* _THE PROBLEM_
Whenever a line below holds the word "theorem", copy that line.

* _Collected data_
= = =
lemma saddle_splice_orbits_not_shadowed:
  obtains p where "\<And>a. 0 < a \<Longrightarrow> a \<le> 1 \<Longrightarrow>
    \<not> shadowed f (decay_weight p) (splice_orbit f 0 (a *\<^sub>R v + a *\<^sub>R w))"
proof -
  obtain p where forces_orbit: "\<And>a u. 0 < a \<Longrightarrow> a \<le> 1 \<Longrightarrow>
    (\<And>k. norm ((f ^^ k) u) < decay_weight p ((f ^^ k) (a *\<^sub>R v + a *\<^sub>R w))) \<Longrightarrow> u = 0"
    using saddle_decay_weight_forces_orbit by blast
  have "\<not> shadowed f (decay_weight p) (splice_orbit f 0 e)"
    if a: "0 < a" "a \<le> 1" and e: "e = a *\<^sub>R v + a *\<^sub>R w" for a e
  proof
    assume "shadowed f (decay_weight p) (splice_orbit f 0 e)"
    then obtain y where forward: "\<And>k. dist ((f ^^ k) (f y)) ((f ^^ k) e) < decay_weight p ((f ^^ k) e)"
      and backward: "\<And>j. dist ((inv f ^^ j) y) 0 < decay_weight p (0 :: 'a)"
      by (rule shadowing_point_of_splice_orbit) (rule that)
    have "norm ((f ^^ k) (f y - e)) < decay_weight p ((f ^^ k) (a *\<^sub>R v + a *\<^sub>R w))" for k
      using forward[of k] by (simp add: e dist_norm linear_diff[OF linear_funpow[OF lin]])
    then have "f y - e = 0"
      by (rule forces_orbit[OF a])
    then have "inv f e = y"
      using inv_f_f[OF inj, of y] by simp
    then have "(inv f ^^ j) y = (inv f ^^ Suc j) e" for j
      by (simp only: funpow_Suc_right comp_apply)
    then have "norm ((inv f ^^ Suc j) e) < 1" for j
      using backward[of j] by (simp only: dist_norm diff_zero decay_weight_0)
    moreover obtain j where "1 \<le> norm ((inv f ^^ Suc j) e)"
      unfolding e by (rule inv_funpow_saddle_escapes[OF a(1)])
    ultimately show False
      by (meson not_le)
  qed
  then show thesis
    using that by blast
qed

end

theorem mainTheorem5:
  fixes f :: "real ^ 'n \<Rightarrow> real ^ 'n" and l m :: real
  assumes "linear f" and "bij f"
    and "\<exists>v. v \<noteq> 0 \<and> f v = l *\<^sub>R v" and "l > 1"
    and "\<exists>w. w \<noteq> 0 \<and> f w = m *\<^sub>R w" and "0 < m" and "m < 1"
  shows "\<not> topological_shadowing f"
proof
  assume "topological_shadowing f"
  obtain v where v: "norm v = 1" "f v = l *\<^sub>R v"
    using assms(3) unit_eigenvector[OF assms(1)] by blast
  obtain w where w: "norm w = 1" "f w = m *\<^sub>R w"
    using assms(5) unit_eigenvector[OF assms(1)] by blast
  obtain p where not_shadowed: "\<And>a. 0 < a \<Longrightarrow> a \<le> 1 \<Longrightarrow>
    \<not> shadowed f (decay_weight p) (splice_orbit f 0 (a *\<^sub>R v + a *\<^sub>R w))"
    using saddle_splice_orbits_not_shadowed[OF assms(1) bij_is_inj[OF assms(2)] v(2,1) assms(4)
        w(2,1) assms(6,7)]
    by blast
  obtain \<delta> where \<delta>: "pos_cont \<delta>" "\<And>x. pseudo_orbit f \<delta> x \<Longrightarrow> shadowed f (decay_weight p) x"
    using \<open>topological_shadowing f\<close> pos_cont_decay_weight
    unfolding topological_shadowing_def by blast
  define a where "a = min (\<delta> 0 / 4) 1"
  have a: "0 < a" "a \<le> 1" "2 * a < \<delta> 0"
    using \<delta>(1) by (auto simp: a_def pos_cont_def min_def)
  have "norm (a *\<^sub>R v + a *\<^sub>R w) \<le> 2 * a"
    using norm_triangle_ineq[of "a *\<^sub>R v" "a *\<^sub>R w"] a v w by simp
  then have "pseudo_orbit f \<delta> (splice_orbit f 0 (a *\<^sub>R v + a *\<^sub>R w))"
    using \<delta>(1) a(3) by (intro pseudo_orbit_splice_orbit) (auto simp: pos_cont_def linear_0[OF assms(1)])
  then show False
    using \<delta>(2) not_shadowed[OF a(1,2)] by blast
qed

end
(* Let $G$ be a finite group, $\varphi,\psi\in\mathrm{Aut}(G)$, and $U,V\leq G\times G$ with $\Delta(G,\varphi)\leq U$ and $\Delta(G,\psi)\leq V$. Then (i) $k_2(U)=\varphi(k_1(U))$; (ii) $k_1(U\ast V)=k_1(U)\,\varphi^{-1}(k_1(V))$; (iii) $k_2(U\ast V)=k_2(V)\,\psi(k_2(U))$.
   Context: $\Delta(G,\varphi)=\{(g,\varphi(g)):g\in G\}$. For $W\leq G\times G$: $p_1(W)=\{g:\exists h,(g,h)\in W\}$, $p_2(W)=\{h:\exists g,(g,h)\in W\}$, $k_1(W)=\{g:(g,1)\in W\}$, $k_2(W)=\{h:(1,h)\in W\}$. The $\ast$-product of $U,V\leq G\times G$ is $U\ast V=\{(u,v)\in p_1(U)\times p_2(V):\exists x\in p_2(U)\cap p_1(V),\ (u,x)\in U,\ (x,v)\in V\}$. *)

theory Defs
  imports "HOL-Algebra.Algebra"
begin

definition p1 :: "('a \<times> 'b) set \<Rightarrow> 'a set" where
  "p1 W = {g. \<exists>h. (g, h) \<in> W}"
definition p2 :: "('a \<times> 'b) set \<Rightarrow> 'b set" where
  "p2 W = {h. \<exists>g. (g, h) \<in> W}"
definition k1 :: "('a, 'm) monoid_scheme \<Rightarrow> ('a \<times> 'a) set \<Rightarrow> 'a set" where
  "k1 G W = {g. (g, \<one>\<^bsub>G\<^esub>) \<in> W}"
definition k2 :: "('a, 'm) monoid_scheme \<Rightarrow> ('a \<times> 'a) set \<Rightarrow> 'a set" where
  "k2 G W = {h. (\<one>\<^bsub>G\<^esub>, h) \<in> W}"

definition Delta :: "('a, 'm) monoid_scheme \<Rightarrow> ('a \<Rightarrow> 'a) \<Rightarrow> ('a \<times> 'a) set" where
  "Delta G \<phi> = {(g, \<phi> g) | g. g \<in> carrier G}"

definition star_prod :: "('a \<times> 'a) set \<Rightarrow> ('a \<times> 'a) set \<Rightarrow> ('a \<times> 'a) set" where
  "star_prod U V = {(u, v). u \<in> p1 U \<and> v \<in> p2 V \<and>
      (\<exists>x \<in> p2 U \<inter> p1 V. (u, x) \<in> U \<and> (x, v) \<in> V)}"

end

theory Submission
  imports Defs
begin

text \<open>Two pairs of a subgroup \<open>U \<le> G \<times> G\<close> with the same second (first) coordinate differ by an
  element of \<open>k\<^sub>1(U)\<close> (\<open>k\<^sub>2(U)\<close>), so the fibres of \<open>U\<close> are right cosets of the kernels. Every
  element of \<open>k\<^sub>1(U \<ast> V)\<close> is a first coordinate over some \<open>x \<in> k\<^sub>1(V)\<close>; when \<open>\<Delta>(G,\<phi>) \<le> U\<close> the
  pair \<open>(\<phi>\<^sup>-\<^sup>1 x, x)\<close> lies in \<open>U\<close>, so that fibre is the coset \<open>k\<^sub>1(U) \<phi>\<^sup>-\<^sup>1(x)\<close>; symmetrically for
  \<open>k\<^sub>2\<close>.\<close>

lemma set_mult_eq_UN_rcos: "H <#>\<^bsub>G\<^esub> S = (\<Union>s\<in>S. H #>\<^bsub>G\<^esub> s)"
  unfolding set_mult_def r_coset_def by blast

lemma k1_star_prod: "k1 G (star_prod U V) = {u. \<exists>x \<in> k1 G V. (u, x) \<in> U}"
  unfolding k1_def star_prod_def p1_def p2_def by blast

lemma k2_star_prod: "k2 G (star_prod U V) = {v. \<exists>x \<in> k2 G U. (x, v) \<in> V}"
  unfolding k2_def star_prod_def p1_def p2_def by blast

lemma Delta_subsetD: "Delta G \<phi> \<subseteq> U \<Longrightarrow> g \<in> carrier G \<Longrightarrow> (g, \<phi> g) \<in> U"
  unfolding Delta_def by blast

locale square_subgroup = group G for G (structure) +
  fixes U :: "('a \<times> 'a) set"
  assumes subgroup_square: "subgroup U (G \<times>\<times> G)"
begin

lemma pair_closed:
  assumes "(a, b) \<in> U"
  shows "a \<in> carrier G" "b \<in> carrier G"
  using subgroup.subset[OF subgroup_square] assms by auto

lemma pair_mult_closed:
  assumes "(a, b) \<in> U" "(c, d) \<in> U"
  shows "(a \<otimes> c, b \<otimes> d) \<in> U"
  using subgroup.m_closed[OF subgroup_square assms] by simp

lemma pair_inv_closed:
  assumes "(a, b) \<in> U"
  shows "(inv a, inv b) \<in> U"
  using subgroup.m_inv_closed[OF subgroup_square assms] pair_closed[OF assms]
  by (simp add: inv_DirProd[OF is_group is_group])

lemma k1_subset_carrier: "k1 G U \<subseteq> carrier G"
  unfolding k1_def using pair_closed by blast

lemma k2_subset_carrier: "k2 G U \<subseteq> carrier G"
  unfolding k2_def using pair_closed by blast

lemma k1_iff_k2:
  assumes gh: "(g, h) \<in> U"
  shows "g \<in> k1 G U \<longleftrightarrow> h \<in> k2 G U"
proof
  assume "g \<in> k1 G U"
  then have "(inv g \<otimes> g, inv \<one> \<otimes> h) \<in> U"
    using pair_mult_closed[OF pair_inv_closed gh] by (simp only: k1_def mem_Collect_eq)
  then show "h \<in> k2 G U"
    using pair_closed[OF gh] by (simp add: k2_def)
next
  assume "h \<in> k2 G U"
  then have "(g \<otimes> inv \<one>, h \<otimes> inv h) \<in> U"
    using pair_mult_closed[OF gh pair_inv_closed] by (simp only: k2_def mem_Collect_eq)
  then show "g \<in> k1 G U"
    using pair_closed[OF gh] by (simp add: k1_def)
qed

lemma fst_fibre_eq_rcos:
  assumes gh: "(g, h) \<in> U"
  shows "{u. (u, h) \<in> U} = k1 G U #> g"
proof (intro equalityI subsetI)
  fix u
  assume "u \<in> {u. (u, h) \<in> U}"
  then have uh: "(u, h) \<in> U" by simp
  have "(u \<otimes> inv g, h \<otimes> inv h) \<in> U"
    using pair_mult_closed[OF uh pair_inv_closed[OF gh]] .
  then have "u \<otimes> inv g \<in> k1 G U"
    using pair_closed[OF gh] by (simp add: k1_def)
  moreover have "u = u \<otimes> inv g \<otimes> g"
    using pair_closed[OF gh] pair_closed[OF uh] by (simp add: m_assoc)
  ultimately show "u \<in> k1 G U #> g"
    unfolding r_coset_def by blast
next
  fix u
  assume "u \<in> k1 G U #> g"
  then obtain k where "(k, \<one>) \<in> U" and "u = k \<otimes> g"
    unfolding r_coset_def k1_def by blast
  then show "u \<in> {u. (u, h) \<in> U}"
    using pair_mult_closed[OF _ gh] pair_closed[OF gh] by force
qed

lemma snd_fibre_eq_rcos:
  assumes gh: "(g, h) \<in> U"
  shows "{v. (g, v) \<in> U} = k2 G U #> h"
proof (intro equalityI subsetI)
  fix v
  assume "v \<in> {v. (g, v) \<in> U}"
  then have gv: "(g, v) \<in> U" by simp
  have "(g \<otimes> inv g, v \<otimes> inv h) \<in> U"
    using pair_mult_closed[OF gv pair_inv_closed[OF gh]] .
  then have "v \<otimes> inv h \<in> k2 G U"
    using pair_closed[OF gh] by (simp add: k2_def)
  moreover have "v = v \<otimes> inv h \<otimes> h"
    using pair_closed[OF gh] pair_closed[OF gv] by (simp add: m_assoc)
  ultimately show "v \<in> k2 G U #> h"
    unfolding r_coset_def by blast
next
  fix v
  assume "v \<in> k2 G U #> h"
  then obtain k where "(\<one>, k) \<in> U" and "v = k \<otimes> h"
    unfolding r_coset_def k2_def by blast
  then show "v \<in> {v. (g, v) \<in> U}"
    using pair_mult_closed[OF _ gh] pair_closed[OF gh] by force
qed

lemma k2_eq_image_k1:
  assumes "Delta G \<phi> \<subseteq> U" and "\<phi> ` carrier G = carrier G"
  shows "k2 G U = \<phi> ` k1 G U"
proof (intro equalityI subsetI)
  fix h
  assume h: "h \<in> k2 G U"
  then obtain g where g: "g \<in> carrier G" and "h = \<phi> g"
    using k2_subset_carrier assms(2) by blast
  then show "h \<in> \<phi> ` k1 G U"
    using h k1_iff_k2[OF Delta_subsetD[OF assms(1) g]] by blast
next
  fix h
  assume "h \<in> \<phi> ` k1 G U"
  then show "h \<in> k2 G U"
    using k1_iff_k2[OF Delta_subsetD[OF assms(1)]] k1_subset_carrier by blast
qed

end

lemma k1_star_prod_twisted:
  assumes "square_subgroup G U" "square_subgroup G V"
    and "Delta G \<phi> \<subseteq> U" and "\<phi> ` carrier G = carrier G"
  shows "k1 G (star_prod U V) = k1 G U <#>\<^bsub>G\<^esub> (inv_into (carrier G) \<phi> ` k1 G V)"
proof -
  interpret U: square_subgroup G U by fact
  interpret V: square_subgroup G V by fact
  have "{u. (u, x) \<in> U} = k1 G U #>\<^bsub>G\<^esub> inv_into (carrier G) \<phi> x" if "x \<in> k1 G V" for x
  proof -
    have x: "x \<in> \<phi> ` carrier G"
      using that V.k1_subset_carrier assms(4) by blast
    have "(inv_into (carrier G) \<phi> x, x) \<in> U"
      using Delta_subsetD[OF assms(3) inv_into_into[OF x]] f_inv_into_f[OF x] by simp
    then show ?thesis
      by (rule U.fst_fibre_eq_rcos)
  qed
  then show ?thesis
    by (auto simp: k1_star_prod set_mult_eq_UN_rcos)
qed

lemma k2_star_prod_twisted:
  assumes "square_subgroup G U" "square_subgroup G V" and "Delta G \<psi> \<subseteq> V"
  shows "k2 G (star_prod U V) = k2 G V <#>\<^bsub>G\<^esub> (\<psi> ` k2 G U)"
proof -
  interpret U: square_subgroup G U by fact
  interpret V: square_subgroup G V by fact
  have "{v. (x, v) \<in> V} = k2 G V #>\<^bsub>G\<^esub> \<psi> x" if "x \<in> k2 G U" for x
    using that U.k2_subset_carrier by (intro V.snd_fibre_eq_rcos Delta_subsetD[OF assms(3)]) blast
  then show ?thesis
    by (auto simp: k2_star_prod set_mult_eq_UN_rcos)
qed

theorem lemma5p4:
  fixes G :: "('a, 'm) monoid_scheme"
    and \<phi> \<psi> :: "'a \<Rightarrow> 'a"
    and U V :: "('a \<times> 'a) set"
  assumes "group G"
    and "finite (carrier G)"
    and "\<phi> \<in> iso G G"
    and "\<psi> \<in> iso G G"
    and "subgroup U (G \<times>\<times> G)"
    and "subgroup V (G \<times>\<times> G)"
    and "Delta G \<phi> \<subseteq> U"
    and "Delta G \<psi> \<subseteq> V"
  shows "k2 G U = \<phi> ` k1 G U \<and>
    k1 G (star_prod U V) = k1 G U <#>\<^bsub>G\<^esub> (inv_into (carrier G) \<phi> ` k1 G V) \<and>
    k2 G (star_prod U V) = k2 G V <#>\<^bsub>G\<^esub> (\<psi> ` k2 G U)"
proof -
  have U: "square_subgroup G U" and V: "square_subgroup G V"
    using assms(1,5,6) by (simp_all add: square_subgroup_def square_subgroup_axioms_def)
  have "\<phi> ` carrier G = carrier G"
    using assms(3) by (simp add: iso_def bij_betw_def)
  then show ?thesis
    using square_subgroup.k2_eq_image_k1[OF U assms(7)]
      k1_star_prod_twisted[OF U V assms(7)] k2_star_prod_twisted[OF U V assms(8)]
    by blast
qed

end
= = =
* _OUTPUT FOR THIS EXERCISE_
theorem mainTheorem5:
theorem lemma5p4:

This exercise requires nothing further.